In the data, extract each line that holds the string "skew".

- Opening Delimiter -

lemma d2_apply:
  assumes "finite (supp z)"
  shows "d2 B z h = - 1/2 * (\<Sum>q\<in>{q \<in> supp z. fst q + snd q = h}. z q * of_int (B (fst q) (snd q)))"
proof -
  have "d2 B z h = 1/2 * (\<Sum>q\<in>supp z. - (if fst q + snd q = h then z q * of_int (B (fst q) (snd q)) else 0))"
    unfolding d2_eq_lift_basis lift_basis_def br_delta
    by (intro arg_cong[where f = "\<lambda>x. 1/2 * x"] sum.cong) (auto simp: delta_apply)
  then show ?thesis
    unfolding sum.inter_filter[OF assms] sum_negf by simp
qed

lemma lift_basis_weighted_cycle:
  assumes fin: "finite (supp z)" and cycle: "d2 B z = (\<lambda>_. 0)"
  shows "lift_basis k (\<lambda>q p. of_int (B (fst q) (snd q)) * R (fst q + snd q) p) z = (\<lambda>_. 0)"
proof
  fix p
  let ?s = "\<lambda>q. fst q + snd q"
  let ?fibre = "\<lambda>h. {q \<in> supp z. ?s q = h}"
  have fibre: "(\<Sum>q\<in>?fibre h. z q * of_int (B (fst q) (snd q))) = 0" for h
    using d2_apply[OF fin, of B h] cycle by (simp add: fun_eq_iff)
  have "(\<Sum>q\<in>supp z. z q * (of_int (B (fst q) (snd q)) * R (?s q) p))
      = (\<Sum>h\<in>?s ` supp z. \<Sum>q\<in>?fibre h. z q * (of_int (B (fst q) (snd q)) * R (?s q) p))"
    by (rule sum.image_gen[OF fin])
  also have "\<dots> = (\<Sum>h\<in>?s ` supp z. R h p * (\<Sum>q\<in>?fibre h. z q * of_int (B (fst q) (snd q))))"
    by (rule sum.cong[OF refl]) (auto simp: sum_distrib_left mult_ac intro!: sum.cong)
  also have "\<dots> = 0"
    by (simp add: fibre)
  finally show "lift_basis k (\<lambda>q p. of_int (B (fst q) (snd q)) * R (?s q) p) z p = 0"
    by (simp add: lift_basis_def)
qed

lemma d2_lift_basis_cycles:
  assumes "finite (supp z)"
    and "\<And>q. q \<in> supp z \<Longrightarrow> finite (supp (C q))" and "\<And>q. q \<in> supp z \<Longrightarrow> d2 B (C q) = (\<lambda>_. 0)"
  shows "d2 B (lift_basis k C z) = (\<lambda>_. 0)"
  using assms by (simp add: d2_lift_basis lift_basis_cong[of z _ "\<lambda>_ _. 0"] lift_basis_zero_kernel)

lemma d3_lift_basis_relations:
  assumes fin: "finite (supp z)" and alt: "\<And>x y. z (y, x) = - z (x, y)" and cycle: "d2 B z = (\<lambda>_. 0)"
    and C_fin: "\<And>q. q \<in> supp z \<Longrightarrow> finite (supp (C q))"
    and W_fin: "\<And>q. q \<in> supp z \<Longrightarrow> finite (supp (W q))"
    and W: "\<And>q. q \<in> supp z \<Longrightarrow> d3 B (W q) = (\<lambda>t. ext2 \<phi> (C q) t
              + of_int (B (fst q) (snd q)) * R (fst q + snd q) t - basis2 (fst q) (snd q) t)"
  shows "d3 B (lift_basis (1/2) W z) = (\<lambda>t. ext2 \<phi> (lift_basis (1/2) C z) t - z t)"
proof -
  have "d3 B (lift_basis (1/2) W z) = lift_basis (1/2) (\<lambda>q t. ext2 \<phi> (C q) t
      + of_int (B (fst q) (snd q)) * R (fst q + snd q) t - basis2 (fst q) (snd q) t) z"
    using W by (simp add: d3_lift_basis[OF fin W_fin] cong: lift_basis_cong)
  also have "\<dots> = (\<lambda>t. ext2 \<phi> (lift_basis (1/2) C z) t - z t)"
    using lift_basis_weighted_cycle[OF fin cycle, of "1/2" R] alternating_eq_lift_basis2[OF fin alt]
    by (simp add: ext2_lift_basis[OF fin C_fin] lift_basis_diff_kernel lift_basis_add_kernel)
  finally show ?thesis .
qed

lemma varpi1_delta: "varpi1 B (delta x) = (if x \<in> H1 B then delta x else (\<lambda>_. 0))"
  by (auto simp: varpi1_def delta_apply)

lemma ext2_varpi1_basis2:
  "ext2 (varpi1 B) (basis2 p q) = (\<lambda>t. if p \<in> H1 B \<and> q \<in> H1 B then basis2 p q t else 0)"
proof (cases "p = q")
  case True
  show ?thesis
    unfolding True basis2_same by (simp add: ext2_eq_lift_basis lift_basis_zero)
next
  case False
  have "ext2 (varpi1 B) (basis2 p q) = (\<lambda>t. 1/2 * (wedge2 (varpi1 B (delta p)) (varpi1 B (delta q)) t
                                             - wedge2 (varpi1 B (delta q)) (varpi1 B (delta p)) t))"
    unfolding ext2_eq_lift_basis using False
    by (subst lift_basis_on[OF _ supp_basis2]) (auto simp: basis2_eq_delta delta_apply)
  moreover have "wedge2 (\<lambda>_. 0) b = (\<lambda>_. 0)" "wedge2 b (\<lambda>_. 0) = (\<lambda>_. 0)" for b :: "'a \<Rightarrow> rat"
    by (auto simp: wedge2_def)
  ultimately show ?thesis
    by (auto simp: varpi1_delta basis2_def[symmetric] basis2_swap[of p q])
qed

lemma additive_nonzero_common:
  fixes f g :: "'a::plus \<Rightarrow> 'b::monoid_add"
  assumes f_add: "\<And>y u. f (y + u) = f y + f u" and g_add: "\<And>y u. g (y + u) = g y + g u"
    and "f y \<noteq> 0" and "g u \<noteq> 0"
  obtains b where "f b \<noteq> 0" and "g b \<noteq> 0"
proof -
  consider "g y \<noteq> 0" | "f u \<noteq> 0" | "g y = 0" "f u = 0"
    by blast
  then show thesis
  proof cases
    case 3
    then show thesis
      using that[of "y + u"] assms by (simp add: f_add g_add)
  qed (use that assms in blast)+
qed

section \<open>Boundaries for an alternating biadditive form\<close>

locale alternating_form =
  fixes B :: "'a::ab_group_add \<Rightarrow> 'a \<Rightarrow> int"
  assumes add_left [simp]: "\<And>x y z. B (x + y) z = B x z + B y z"
      and add_right [simp]: "\<And>x y z. B x (y + z) = B x y + B x z"
      and alternating [simp]: "\<And>x. B x x = 0"
begin

lemma zero_left [simp]: "B 0 y = 0"
  using add_left[of 0 0 y] by simp

lemma zero_right [simp]: "B x 0 = 0"
  using add_right[of x 0 0] by simp

lemma minus_left [simp]: "B (- x) y = - B x y"
  using add_left[of x "- x" y] by simp

lemma minus_right [simp]: "B x (- y) = - B x y"
  using add_right[of x y "- y"] by simp

lemma diff_left [simp]: "B (x - y) z = B x z - B y z"
  using add_left[of x "- y" z] by simp

lemma diff_right [simp]: "B x (y - z) = B x y - B x z"
  using add_right[of x y "- z"] by simp

lemma skew: "B y x = - B x y"
proof -
  have "B (x + y) (x + y) = B x x + B y x + (B x y + B y y)"
    by (simp only: add_left add_right)
  then show ?thesis
    by (simp add: eq_neg_iff_add_eq_0)
qed

lemma mem_H1I: "B x y \<noteq> 0 \<Longrightarrow> x \<in> H1 B"
  by (auto simp: H1_def kermu_def)

lemma mem_H1I': "B y x \<noteq> 0 \<Longrightarrow> x \<in> H1 B"
  by (rule mem_H1I[of x y]) (simp add: skew[of y x])

lemma mem_H1E:
  assumes "x \<in> H1 B"
  obtains y where "B y x \<noteq> 0"
  using assms by (auto simp: H1_def kermu_def skew[of x])

lemma not_mem_H1D:
  assumes "h \<notin> H1 B"
  shows "B h y = 0" and "B y h = 0"
  using assms by (auto simp: H1_def kermu_def skew[of y h])

lemma d2_basis2: "d2 B (basis2 p q) = (\<lambda>w. - of_int (B p q) * delta (p + q) w)"
proof (cases "p = q")
  case True
  show ?thesis
    unfolding True basis2_same by (simp add: d2_eq_lift_basis lift_basis_zero)
next
  case False
  then have "d2 B (basis2 p q) = (\<lambda>w. 1/2 * (- br B (delta p) (delta q) w + br B (delta q) (delta p) w))"
    unfolding d2_eq_lift_basis
    by (subst lift_basis_on[OF _ supp_basis2]) (auto simp: basis2_eq_delta delta_apply)
  then show ?thesis
    by (auto simp: fun_eq_iff br_delta delta_apply skew[of q p] add.commute[of q p])
qed

lemma d3_basis3:
  "d3 B (basis3 a b c) = (\<lambda>t. - of_int (B a b) * basis2 (a + b) c t
                              + of_int (B a c) * basis2 (a + c) b t
                              - of_int (B b c) * basis2 (b + c) a t)"
proof -
  define F where "F x y z = (\<lambda>t. - of_int (B x y) * basis2 (x + y) z t
                                 + of_int (B x z) * basis2 (x + z) y t
                                 - of_int (B y z) * basis2 (y + z) x t)" for x y z
  have cyclic: "F y z x = F x y z" for x y z
    unfolding F_def by (rule ext) (simp add: skew[of y x] skew[of z x] add.commute[of y x] add.commute[of z x])
  have swap: "F y x z = (\<lambda>t. - F x y z t)" for x y z
    unfolding F_def by (rule ext) (simp add: skew[of y x] add.commute[of y x] algebra_simps)
  have kernel: "- wedge2 (br B (delta x) (delta y)) (delta z) t + wedge2 (br B (delta x) (delta z)) (delta y) t
                 - wedge2 (br B (delta y) (delta z)) (delta x) t = F x y z t" for x y z t
    by (simp add: F_def br_delta basis2_def wedge2_def split_def right_diff_distrib mult.assoc)
  have d3_eq: "d3 B = lift_basis (1/6) (\<lambda>(x, y, z). F x y z)"
    by (intro ext) (simp only: d3_def lift_basis_def kernel split_def prod.collapse)
  have "d3 B (basis3 a b c) = (\<lambda>t. 1/6 * F a b c t + 1/6 * F b c a t + 1/6 * F c a b t
                               - 1/6 * F a c b t - 1/6 * F c b a t - 1/6 * F b a c t)"
    unfolding basis3_eq_delta d3_eq
    by (simp only: lift_basis_add lift_basis_diff finite_supp_add finite_supp_diff
                   supp_delta finite.emptyI finite.insertI lift_basis_delta prod.case)
  also have "\<dots> = F a b c"
    using cyclic[of a b c] cyclic[of b c a] swap[of a b c] swap[of c a b] swap[of b c a]
    by (simp add: fun_eq_iff)
  finally show ?thesis
    by (simp only: F_def)
qed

- Closing Delimiter -

> **REPLY**:
lemma skew: "B y x = - B x y"
  by (rule mem_H1I[of x y]) (simp add: skew[of y x])
  using assms by (auto simp: H1_def kermu_def skew[of x])
  using assms by (auto simp: H1_def kermu_def skew[of y h])
    by (auto simp: fun_eq_iff br_delta delta_apply skew[of q p] add.commute[of q p])
    unfolding F_def by (rule ext) (simp add: skew[of y x] skew[of z x] add.commute[of y x] add.commute[of z x])
    unfolding F_def by (rule ext) (simp add: skew[of y x] add.commute[of y x] algebra_simps)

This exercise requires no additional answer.